When it comes to his wardrobe, I’ve stopped offering explanations as to his appearance. Luckily, his teachers are kind and understanding, and find it “charming” that he wants to wear his John Deere T-shirt, camouflage cargo pants and assorted bits of various costumes from Halloween’s past 5 days a week. My daughter needs a different pair of jeans for every day of the month. My son needs two pairs of pants, total. He’d be happy with one, but by bribing him with orange Tic Tacs I was able to get him to agree to an extra pair for when the first are crusted with pancake syrup, play dough and hamster poop.

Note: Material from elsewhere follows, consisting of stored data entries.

lemma code_less:
  assumes "0 \<le> x" "x < y" "y < 1" and "itin x \<noteq> itin y"
  shows "code x < code y"
proof -
  obtain j where j: "\<forall>k<j. itin x k = itin y k" "\<not> itin x j" "itin y j"
    using first_difference[OF assms] by blast
  obtain N where "j < N" "itin y N"
    using visits_B_after[of y j] assms by auto
  then have "1 / 2 ^ (N + 1) \<le> code y - code x"
    using itinerary_code_first_difference[OF j] by blast
  moreover have "(0::real) < 1 / 2 ^ (N + 1)"
    by simp
  ultimately show ?thesis
    by linarith
qed

lemma code_mono:
  assumes "0 \<le> x" "x \<le> y" "y < 1"
  shows "code x \<le> code y"
proof (cases "x < y \<and> itin x \<noteq> itin y")
  case True
  then have "code x < code y"
    using assms by (intro code_less) auto
  then show ?thesis
    by simp
next
  case False
  then have "itin x = itin y"
    using assms(2) by auto
  then have "code x = code y"
    by (rule itinerary_code_cong)
  then show ?thesis
    by simp
qed

lemma itin_eq_of_code_eq:
  assumes "0 \<le> x" "x < y" "y < 1" and "code x = code y"
  shows "itin x = itin y"
proof (rule ccontr)
  assume "itin x \<noteq> itin y"
  then have "code x < code y"
    using assms by (intro code_less)
  then show False
    using assms(4) by simp
qed

lemma itin_agree_of_code_close:
  assumes "z \<in> {0..<1}"
  shows "\<exists>e>0. \<forall>y. 0 \<le> y \<and> y < z \<and> code z - code y < e \<longrightarrow> (\<forall>k<n. itin y k = itin z k)"
proof -
  obtain N where N: "n < N" "itin z N"
    using visits_B_after[OF assms] by blast
  have "\<forall>k<n. itin y k = itin z k" if y: "0 \<le> y" "y < z" "code z - code y < 1 / 2 ^ (N + 1)" for y
  proof (rule ccontr)
    assume "\<not> (\<forall>k<n. itin y k = itin z k)"
    then obtain k where k: "k < n" "itin y k \<noteq> itin z k"
      by blast
    then have "itin y \<noteq> itin z"
      by metis
    then obtain j where j: "\<forall>k<j. itin y k = itin z k" "\<not> itin y j" "itin z j"
      using first_difference[OF y(1,2)] assms by auto
    have "j \<le> k"
      using j(1) k(2) not_less by blast
    then have "1 / 2 ^ (N + 1) \<le> code z - code y"
      using itinerary_code_first_difference[OF j _ N(2)] N(1) k(1) by simp
    then show False
      using y by linarith
  qed
  then show ?thesis
    by (intro exI[of _ "1 / 2 ^ (N + 1)"]) simp
qed

lemma B_between: "\<lbrakk>0 \<le> x; x < v; v < y; y < 1; x \<in> B \<longleftrightarrow> y \<in> B\<rbrakk> \<Longrightarrow> v \<in> B \<longleftrightarrow> x \<in> B"
  using B_upward_closed[of x v] B_upward_closed[of v y] by (cases "x \<in> B") auto

lemma itin_between:
  assumes "0 \<le> x" "x < v" "v < y" "y < 1" and "itin x = itin y"
  shows "itin v = itin x"
proof -
  have "\<forall>k<n. itin v k = itin x k" for n
  proof (induction n)
    case (Suc n)
    have "v - x \<le> (T ^^ n) v - (T ^^ n) x" "y - v \<le> (T ^^ n) y - (T ^^ n) v"
      using funpow_expands[of x v n] funpow_expands[of v y n] Suc assms by auto
    then have "(T ^^ n) x < (T ^^ n) v" "(T ^^ n) v < (T ^^ n) y"
      using assms(2,3) by linarith+
    moreover have "0 \<le> (T ^^ n) x" "(T ^^ n) y < 1"
      using funpow_maps_unit[of x n] funpow_maps_unit[of y n] assms by auto
    moreover have "(T ^^ n) x \<in> B \<longleftrightarrow> (T ^^ n) y \<in> B"
      using assms(5) by (metis itinerary_def)
    ultimately have "itin v n = itin x n"
      unfolding itinerary_def by (meson B_between)
    then show ?case
      using Suc less_Suc_eq by blast
  qed simp
  then show ?thesis
    by blast
qed

lemma funpow_fixed_of_itin_shift:
  assumes v: "v \<in> {0..<1}" and shift: "itin ((T ^^ p) v) = itin v"
  shows "(T ^^ p) v = v"
proof -
  define g where "g j = (T ^^ (j * p)) v" for j
  have g_Suc: "g (Suc j) = (T ^^ p) (g j)" for j
    by (simp add: g_def funpow_add)
  have g_unit: "0 \<le> g j" "g j < 1" for j
    using funpow_maps_unit[OF v] by (auto simp: g_def)
  have itin_periodic: "itin v (n + j * p) = itin v n" for n j
  proof (induction j)
    case (Suc j)
    have "itin v (n + Suc j * p) = itin ((T ^^ p) v) (n + j * p)"
      by (simp add: itinerary_funpow algebra_simps)
    then show ?case
      using Suc shift by simp
  qed simp
  have itin_g: "itin (g j) = itin v" for j
    by (simp add: fun_eq_iff g_def itinerary_funpow itin_periodic)
  have expand: "g k - g j \<le> g (Suc k) - g (Suc j)" if "g j < g k" for j k
    using funpow_expands[of "g j" "g k" p] that g_unit itin_g by (simp add: g_Suc)
  show ?thesis
  proof (rule ccontr)
    assume "(T ^^ p) v \<noteq> v"
    then have "g 0 \<noteq> g 1"
      by (simp add: g_def)
    then consider "g 0 < g 1" | "g 1 < g 0"
      by linarith
    then show False
    proof cases
      case 1
      have "g (Suc j) - g j \<le> g (Suc (Suc j)) - g (Suc j)" if "g j < g (Suc j)" for j
        using expand[of j "Suc j"] that by simp
      then obtain j where "1 < g j"
        using expanding_steps_unbounded[of g 1] 1 by auto
      then show False
        using g_unit(2)[of j] by linarith
    next
      case 2
      have "g j - g (Suc j) \<le> g (Suc j) - g (Suc (Suc j))" if "g (Suc j) < g j" for j
        using expand[of "Suc j" j] that by simp
      then obtain j where "0 < - g j"
        using expanding_steps_unbounded[of "\<lambda>j. - g j" 0] 2 by auto
      then show False
        using g_unit(1)[of j] by linarith
    qed
  qed
qed

lemma periodic_of_itin_eq:
  assumes "0 \<le> z" "z < w" "w < 1" and "itin z = itin w"
  shows "\<exists>p\<ge>1. (T ^^ p) z = z"
proof -
  have unit: "(T ^^ n) z \<in> {0..<1}" "(T ^^ n) w \<in> {0..<1}" for n
    using funpow_maps_unit assms by auto
  have gap: "(T ^^ n) z + (w - z) \<le> (T ^^ n) w" for n
    using funpow_expands[of z w n] assms by simp
  have itin_orbit: "itin ((T ^^ n) z) = itin ((T ^^ n) w)" for n
    using assms(4) by (simp add: fun_eq_iff itinerary_funpow)
  have "(T ^^ n) z \<in> {0..1}" for n
    using unit(1)[of n] by simp
  then have "bounded (range (\<lambda>n. (T ^^ n) z))"
    by (intro bounded_subset[OF bounded_closed_interval[of 0 1]]) blast
  then obtain n1 n2 where n12: "n1 < n2" "\<bar>(T ^^ n1) z - (T ^^ n2) z\<bar> < w - z"
    using bounded_sequence_close_pair[of "\<lambda>n. (T ^^ n) z" "w - z"] assms(2) by auto
  have close: "itin ((T ^^ k) z) = itin ((T ^^ j) z)"
    if "(T ^^ j) z < (T ^^ k) z" "(T ^^ k) z < (T ^^ j) z + (w - z)" for j k
    using itin_between[of "(T ^^ j) z" "(T ^^ k) z" "(T ^^ j) w"] that gap[of j] itin_orbit[of j]
      unit[of j] by auto
  have "itin ((T ^^ n2) z) = itin ((T ^^ n1) z)"
    using close[of n1 n2] close[of n2 n1] n12(2)
    by (cases "(T ^^ n1) z" "(T ^^ n2) z" rule: linorder_cases) auto
  moreover have "(T ^^ (n2 - n1)) ((T ^^ n1) z) = (T ^^ n2) z"
    using n12(1) by (simp add: funpow_apply_funpow)
  ultimately have "(T ^^ (n2 - n1)) ((T ^^ n1) z) = (T ^^ n1) z"
    using funpow_fixed_of_itin_shift[OF unit(1)] by metis
  then have "(T ^^ n1) ((T ^^ (n2 - n1)) z) = (T ^^ n1) z"
    by (simp add: funpow_apply_funpow add.commute)
  then have "(T ^^ (n2 - n1)) z = z"
    using inj_on_funpow[of n1] unit[of "n2 - n1"] unit[of 0] by (auto dest: inj_onD)
  then show ?thesis
    using n12(1) by (intro exI[of _ "n2 - n1"]) auto
qed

I was hoping that Santa would deliver some new clothes for him at Christmas, but so far his only request is “a long, really sharp stick with some kind of propeller thingy on the end to chop stuff up.”
I am asking Santa for a military grade triage first aid kid and a cask of tequila.
They say that there is a special place in heaven for mothers of sons.
The vast majority of days, I love earning my wings.